A crack at freedom
The angry crowds that filled the streets of Tunisia in 2011 shouted “Employment, freedom, dignity”, a slogan that would echo in other revolts across the Middle East. Soon, that demand transformed into an outright call for state leaders to resign.
The dramatic events carried a tinge of optimism and confidence, but ten years later, many observers express pessimism if not utter disappointment at the “Arab Winter” that followed the uprisings. None of the Arab Spring nations has managed to improve its general standard of living and bloody wars in Syria, Libya, and Yemen have created humanitarian crises of historical proportions. Apart from Tunisia, the Spring countries enjoy no more democratic freedoms and no less corruption today than before the revolts.

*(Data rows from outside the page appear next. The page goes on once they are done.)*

(* Let $e\in E_A$. Suppose the monitor state of lifeline $A$ is coherent before evaluating formulas at $e$. Then, for every $\psi\in\mathsf{sub}(\Phi)$, \[ \mathsf{Eval}_A(\psi,e,\mathsf{old}_A)=1 \quad\text{iff}\quad M,e\models\psi . \]
   Context: Setting. $\mathscr L$ is a finite set of lifelines. A message sequence chart (MSC) is $M=(E,\to,\lhd,\mathsf{kind},\mathsf{pid},\mathsf{val})$ with $E$ a finite set of events, $\mathsf{pid}:E\to\mathscr L$, $E_A=\{e\in E\mid \mathsf{pid}(e)=A\}$. The relation $\to$ relates only events on the same lifeline, and for each $A$ its restriction to $E_A$ is the immediate-successor relation of a finite linear order $\leq_A$ (strict version $<_A$). $\mathsf{kind}(e)\in\{\mathsf{act},\mathsf{recv},\mathsf{choice}\}\cup(\{\mathsf{send}\}\times\mathscr L)$. The message relation $\lhd$ is a partial matching: if $s\lhd r$ then $\mathsf{kind}(s)=(\mathsf{send},\mathsf{pid}(r))$, $\mathsf{kind}(r)=\mathsf{recv}$, $\mathsf{pid}(s)\neq\mathsf{pid}(r)$; every receive has exactly one matching send, every send at most one matching receive (not necessarily FIFO). The graph of $\to$ and $\lhd$ edges is acyclic; the causal order $\leq_M$ is its reflexive transitive closure. $\nu_e=\mathsf{val}(e)$ is the valuation (local store of $\mathsf{pid}(e)$ after $e$). $e^B_k$ is the $k$-th event of lifeline $B$ (indexing from 1). Causal Past Logic (CPL): terms $t::=x\mid A.x$ (the value of $x$ at the latest causally visible $A$-event); atoms $\alpha::=p(t_1,\dots,t_n)$; formulas $\varphi::=\alpha\mid @_A\varphi\mid \mathsf{Y}\varphi\mid\varphi_1\mathbin{\mathsf{S}}\varphi_2\mid\varphi_1\wedge\varphi_2\mid\varphi_1\vee\varphi_2\mid\neg\varphi$. For $e$ with $\mathsf{pid}(e)=A$: $\mathsf{last}_{\mathsf{loc}}(e)=\max\{f\in E_A\mid f<_A e\}$ and, for any $B$, $\mathsf{last}_B(e)=\max\{f\in E_B\mid f\leq_M e\}$ (when these exist). Term values: $x$ evaluates to $\nu_e(x)$; $A.x$ evaluates to $\nu_{\mathsf{last}_A(e)}(x)$ when defined. An atom is false if any of its terms is undefined; otherwise its truth ($\nu_e\models_M\alpha$) is fixed by the application. $M,e\models\mathsf{Y}\varphi$ iff $\mathsf{last}_{\mathsf{loc}}(e)$ exists and satisfies $\varphi$; $M,e\models @_A\varphi$ iff $\mathsf{last}_A(e)$ exists and satisfies $\varphi$ (non-strict: equals $e$ if $e\in E_A$); for $e\in E_A$, $M,e\models\varphi_1\mathbin{\mathsf{S}}\varphi_2$ iff some $f\in E_A$ with $f\leq_A e$ satisfies $\varphi_2$ and every $g\in E_A$ with $f<_A g\leq_A e$ satisfies $\varphi_1$; Boolean connectives as usual. Monitor. $\Phi$ is a finite set of CPL formulas, $\mathsf{sub}(\Phi)$ its subformulas, $\mathsf{Vars}(\Phi)$ the variable names occurring in terms $B.x$. Each lifeline $A$ keeps: a vector clock $\mathsf{vc}_A:\mathscr L\to\mathbb N$; a partial Boolean view $\mathsf{view}_A:\mathscr L\times\mathsf{sub}(\Phi)\rightharpoonup\{0,1\}$; a partial variable view $\mathsf{var}_A:\mathscr L\times\mathsf{Vars}(\Phi)\rightharpoonup\mathsf{Val}$; a local store $\sigma_A$; a total map $\mathsf{old}_A:\mathsf{sub}(\Phi)\to\{0,1\}$. The procedure $\mathsf{Eval}_A(\psi,e,\mathsf{old}_A)$ computes: for an atom $\alpha$, its truth with unqualified variables read from $\sigma_A$ and terms $B.x$ read from $\mathsf{var}_A(B,x)$ (a missing entry makes the atom false); $\mathsf{Y}\theta\mapsto(\mathsf{vc}_A(A)>1)\wedge\mathsf{old}_A(\theta)$; $@_B\theta\mapsto$ $\mathsf{Eval}_A(\theta,e,\mathsf{old}_A)$ if $B=A$, else $0$ if $\mathsf{vc}_A(B)=0$, else $\mathsf{view}_A(B,\theta)$; $\theta_1\mathbin{\mathsf{S}}\theta_2\mapsto \mathsf{Eval}_A(\theta_2,\cdot)\vee(\mathsf{Eval}_A(\theta_1,\cdot)\wedge(\mathsf{vc}_A(A)>1)\wedge\mathsf{old}_A(\theta_1\mathbin{\mathsf{S}}\theta_2))$; $\neg,\wedge,\vee$ computed recursively. Coherence. For $e\in E_A$, the state of $A$ is coherent before evaluating formulas at $e$ if: (i) for every lifeline $B$, $\mathsf{vc}_A(B)=|\{f\in E_B\mid f\leq_M e\}|$; (ii) for every $B\neq A$ with $k=\mathsf{vc}_A(B)>0$, $\mathsf{view}_A(B,\psi)$ is defined and equals $1$ iff $M,e^B_k\models\psi$ for all $\psi\in\mathsf{sub}(\Phi)$, and $\mathsf{var}_A(B,x)=\mathsf{val}(e^B_k)(x)$ for all $x\in\mathsf{Vars}(\Phi)$; if $\mathsf{vc}_A(B)=0$ all entries for $B$ are absent; (iii) $\sigma_A(x)=\mathsf{val}(e)(x)$ for every monitored unqualified variable $x$, and $\mathsf{var}_A(A,x)$ is defined and equal to $\mathsf{val}(e)(x)$ for every $x\in\mathsf{Vars}(\Phi)$ (no condition on $\mathsf{view}_A(A,\cdot)$); (iv) for every $\psi\in\mathsf{sub}(\Phi)$, $\mathsf{old}_A(\psi)$ is the truth value of $\psi$ at the previous local event of $A$ if it exists, and false otherwise. *)

theory Defs
  imports Main
begin

datatype 'l ekind = Act | Recv | Choice | Send 'l

record ('e, 'l, 'x, 'v) msc =
  events :: "'e set"
  succ   :: "'e \<Rightarrow> 'e \<Rightarrow> bool"
  msg    :: "'e \<Rightarrow> 'e \<Rightarrow> bool"
  kind   :: "'e \<Rightarrow> 'l ekind"
  pid    :: "'e \<Rightarrow> 'l"
  val    :: "'e \<Rightarrow> 'x \<Rightarrow> 'v"

definition E_of :: "('e, 'l, 'x, 'v) msc \<Rightarrow> 'l \<Rightarrow> 'e set" where
  "E_of M A = {e \<in> events M. pid M e = A}"

definition wf_msc :: "('e, 'l, 'x, 'v) msc \<Rightarrow> bool" where
  "wf_msc M \<longleftrightarrow>
     finite (events M) \<and>
     (\<forall>e f. succ M e f \<longrightarrow> e \<in> events M \<and> f \<in> events M \<and> pid M e = pid M f) \<and>
     (\<forall>A. \<exists>le. (\<forall>e\<in>E_of M A. le e e) \<and>
               (\<forall>e\<in>E_of M A. \<forall>f\<in>E_of M A. le e f \<and> le f e \<longrightarrow> e = f) \<and>
               (\<forall>e\<in>E_of M A. \<forall>f\<in>E_of M A. \<forall>g\<in>E_of M A. le e f \<and> le f g \<longrightarrow> le e g) \<and>
               (\<forall>e\<in>E_of M A. \<forall>f\<in>E_of M A. le e f \<or> le f e) \<and>
               (\<forall>e\<in>E_of M A. \<forall>f\<in>E_of M A. succ M e f \<longleftrightarrow>
                  (le e f \<and> e \<noteq> f \<and> \<not> (\<exists>g\<in>E_of M A. le e g \<and> le g f \<and> g \<noteq> e \<and> g \<noteq> f)))) \<and>
     (\<forall>s r. msg M s r \<longrightarrow> s \<in> events M \<and> r \<in> events M \<and>
              kind M s = Send (pid M r) \<and> kind M r = Recv \<and> pid M s \<noteq> pid M r) \<and>
     (\<forall>r\<in>events M. kind M r = Recv \<longrightarrow> (\<exists>!s. msg M s r)) \<and>
     (\<forall>s r r'. msg M s r \<and> msg M s r' \<longrightarrow> r = r') \<and>
     (\<forall>e. \<not> (\<lambda>a b. succ M a b \<or> msg M a b)\<^sup>+\<^sup>+ e e)"

definition loc_le :: "('e, 'l, 'x, 'v) msc \<Rightarrow> 'e \<Rightarrow> 'e \<Rightarrow> bool" where
  "loc_le M e f \<longleftrightarrow> e \<in> events M \<and> f \<in> events M \<and> pid M e = pid M f \<and> (succ M)\<^sup>*\<^sup>* e f"

definition loc_lt :: "('e, 'l, 'x, 'v) msc \<Rightarrow> 'e \<Rightarrow> 'e \<Rightarrow> bool" where
  "loc_lt M e f \<longleftrightarrow> loc_le M e f \<and> e \<noteq> f"

definition causal_le :: "('e, 'l, 'x, 'v) msc \<Rightarrow> 'e \<Rightarrow> 'e \<Rightarrow> bool" where
  "causal_le M e f \<longleftrightarrow> e \<in> events M \<and> f \<in> events M \<and> (\<lambda>a b. succ M a b \<or> msg M a b)\<^sup>*\<^sup>* e f"

definition last_loc :: "('e, 'l, 'x, 'v) msc \<Rightarrow> 'e \<Rightarrow> 'e option" where
  "last_loc M e = (if \<exists>f. loc_lt M f e
      then Some (THE f. loc_lt M f e \<and> (\<forall>g. loc_lt M g e \<longrightarrow> loc_le M g f))
      else None)"

definition last_on :: "('e, 'l, 'x, 'v) msc \<Rightarrow> 'l \<Rightarrow> 'e \<Rightarrow> 'e option" where
  "last_on M B e = (if \<exists>f\<in>E_of M B. causal_le M f e
      then Some (THE f. f \<in> E_of M B \<and> causal_le M f e \<and>
                   (\<forall>g\<in>E_of M B. causal_le M g e \<longrightarrow> loc_le M g f))
      else None)"

text \<open>\<open>e^B_k\<close>: the \<open>k\<close>-th event of lifeline \<open>B\<close> (indexing from 1).\<close>
definition nth_event :: "('e, 'l, 'x, 'v) msc \<Rightarrow> 'l \<Rightarrow> nat \<Rightarrow> 'e" where
  "nth_event M B k = (THE f. f \<in> E_of M B \<and> card {g \<in> E_of M B. loc_le M g f} = k)"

Indeed, the failure to achieve economic stability or a transition to democratic systems has led commentators to question whether the uprisings can be considered revolutionary at all. Popular protests that surged simultaneously in Algeria, Iraq, Lebanon, and Sudan in 2019 gave hope that the flame had not yet died, but it was summarily extinguished by the outbreak of Covid-19.
Indicators of success or failure are closely tied to expectations. The rage at leaders displayed by protestors must not be confused with a cry for an alternative Western-style political setup. The millions of people who flooded national squares in the region and occupied official buildings wanted something more basic: decency, fairness, opportunity.
The trouble with trying to trace the direct outcomes of the Arab Spring revolts is that it ignores the complexities of societies and the generational shifts that need to take place before the effects of the phenomena can be discerned. It is, perhaps, more useful to think of the spring metaphor in terms of a primed coil that is released multiple times, rather than as one transient season.
The story of social development anywhere in the world is dotted with extraordinary events. But while it is tempting to narrate a history by simply joining these dots, true transformation does not travel in straight lines; it meanders aimlessly until it morphs into a new milestone. The period in between one great event and the next is often an uncertain dance moving two steps forward and another one back.
The Arab Spring shook the very foundations that had propped up the powerful regimes for decades, but the original demands of protestors suggest that the over-arching issue that mobilised protestors was socio-economic stagnation, not the system of governance.
Even as it remains an unfinished project, the Arab Awakening teaches that freedom is not the removal of autocracy but the establishment of equity.